1. 22

    1. 11

      A big part of our queue problem at Heroku was the design of the specific job system we were using, and Ruby deployment. Because Ruby doesn’t support real parallelism, it’s commonly deployed with a process forking model to maximize performance, and this was the case for us. Every worker was its own Ruby process operating independently.

      This produced a lot of contention and unnecessary work. Running independently, every worker was separately competing to lock every new job. So for every new job to work, every worker contended with every other worker and iterated millions of dead job rows every time. That’s a lot of inefficiency.

      This has not been the practice for a long, long time, at least the past decade. Sidekiq works in much the same way you describe your Go code.

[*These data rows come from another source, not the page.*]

lemma bform_matrix_add: "bform n (\<lambda>k l. A k l + B k l) x y = bform n A x y + bform n B x y"
  by (simp add: bform_def algebra_simps sum.distrib)

lemma bform_matrix_diff: "bform n (\<lambda>k l. A k l - B k l) x y = bform n A x y - bform n B x y"
  by (simp add: bform_def algebra_simps sum_subtractf)

lemma bform_matrix_scale: "bform n (\<lambda>k l. c * A k l) x y = c * bform n A x y"
  by (simp add: bform_def algebra_simps sum_distrib_left)

lemma bform_outer: "bform n (outer v w) x y = (\<Sum>k<n. x k * v k) * (\<Sum>l<n. y l * w l)"
  by (simp add: bform_def outer_def sum_product mult_ac)

lemma bform_uvec_right:
  assumes "k < n"
  shows "bform n G x (uvec (Some k)) = (\<Sum>i<n. x i * G i k)"
proof -
  have "(\<Sum>l<n. x i * G i l * uvec (Some k) l) = x i * G i k" for i
    using assms by (simp add: uvec_def if_distrib cong: if_cong)
  then show ?thesis
    by (simp add: bform_def)
qed

lemma bform_uvec_uvec:
  assumes "k < n" "l < n"
  shows "bform n G (uvec (Some k)) (uvec (Some l)) = G k l"
proof -
  have "(\<Sum>i<n. uvec (Some k) i * G i l) = (\<Sum>i<n. if i = k then G k l else 0)"
    by (rule sum.cong) (auto simp: uvec_def)
  then show ?thesis
    using assms by (simp add: bform_uvec_right)
qed

lemma trace_prod_add_right: "trace_prod n G (\<lambda>k l. P k l + Q k l) = trace_prod n G P + trace_prod n G Q"
  by (simp add: trace_prod_def algebra_simps sum.distrib)

lemma trace_prod_scale_right: "trace_prod n G (\<lambda>k l. c * P k l) = c * trace_prod n G P"
  by (simp add: trace_prod_def algebra_simps sum_distrib_left)

lemma trace_prod_divide_right: "trace_prod n G (\<lambda>k l. P k l / c) = trace_prod n G P / c"
  by (simp add: trace_prod_def sum_divide_distrib)

lemma trace_prod_outer: "trace_prod n G (outer x y) = bform n G y x"
  by (simp add: trace_prod_def bform_def outer_def mult_ac)

lemma trace_prod_add_left: "trace_prod n (\<lambda>k l. P k l + Q k l) G = trace_prod n P G + trace_prod n Q G"
  by (simp add: trace_prod_def algebra_simps sum.distrib)

lemma trace_prod_diff_left: "trace_prod n (\<lambda>k l. P k l - Q k l) G = trace_prod n P G - trace_prod n Q G"
  by (simp add: trace_prod_def algebra_simps sum_subtractf)

lemma trace_prod_scale_left: "trace_prod n (\<lambda>k l. c * P k l) G = c * trace_prod n P G"
  by (simp add: trace_prod_def algebra_simps sum_distrib_left)

lemma trace_prod_sum_left: "trace_prod n (\<lambda>k l. \<Sum>i\<in>I. M i k l) G = (\<Sum>i\<in>I. trace_prod n (M i) G)"
  unfolding trace_prod_def sum_distrib_right
  by (subst sum.swap, subst (2) sum.swap, simp)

      Just heard from a long time @sidekiq@ruby.social customer who ran 22 billion jobs yesterday. 250,000 jobs/sec every second. 😮 https://x.com/getajobmike/status/1587965981200105474

      This was a problem of poor implementation, and lack of investment on Heroku’s part, not language choice.

    2. 5

      Welcome to the Postgres queue club! I like the Generic API you’ve come up with for jobs. I considered a similar one when I was designing neoq, and I still might go that route before v1!

    3. 3

      Congrats on the release!

      My team is also designing their next high-throughput work queue over Postgres. The main reservation people had was about PG operations on high-churn tables (costly schema migrations, optimize falling behind and transaction ID rolling over). We will alleviate these risks by considering the table disposable from the start.

      Like messages in a Kafka topic, tasks in a queue have a known expiration timeline. I always recommend considering Kafka topic (and clusters !) as disposable: don’t try to change settings in place, just create a new topic with the desired topology and move traffic to that new topic. Similarly, moving writes away from an unhealthy Kafka cluster (by failing over to a new cluster) has a high chance of allowing it to recover, enabling consumers to finish processing what it holds.

      We’ll apply the same methodology to that PG table for the queue: instead of trying to “save” a table with degraded performance, we’ll create a new table with the latest schema and start writing tasks to the new table. Workers will read from both tables, and the old table can be discarded once all tasks there have been processed.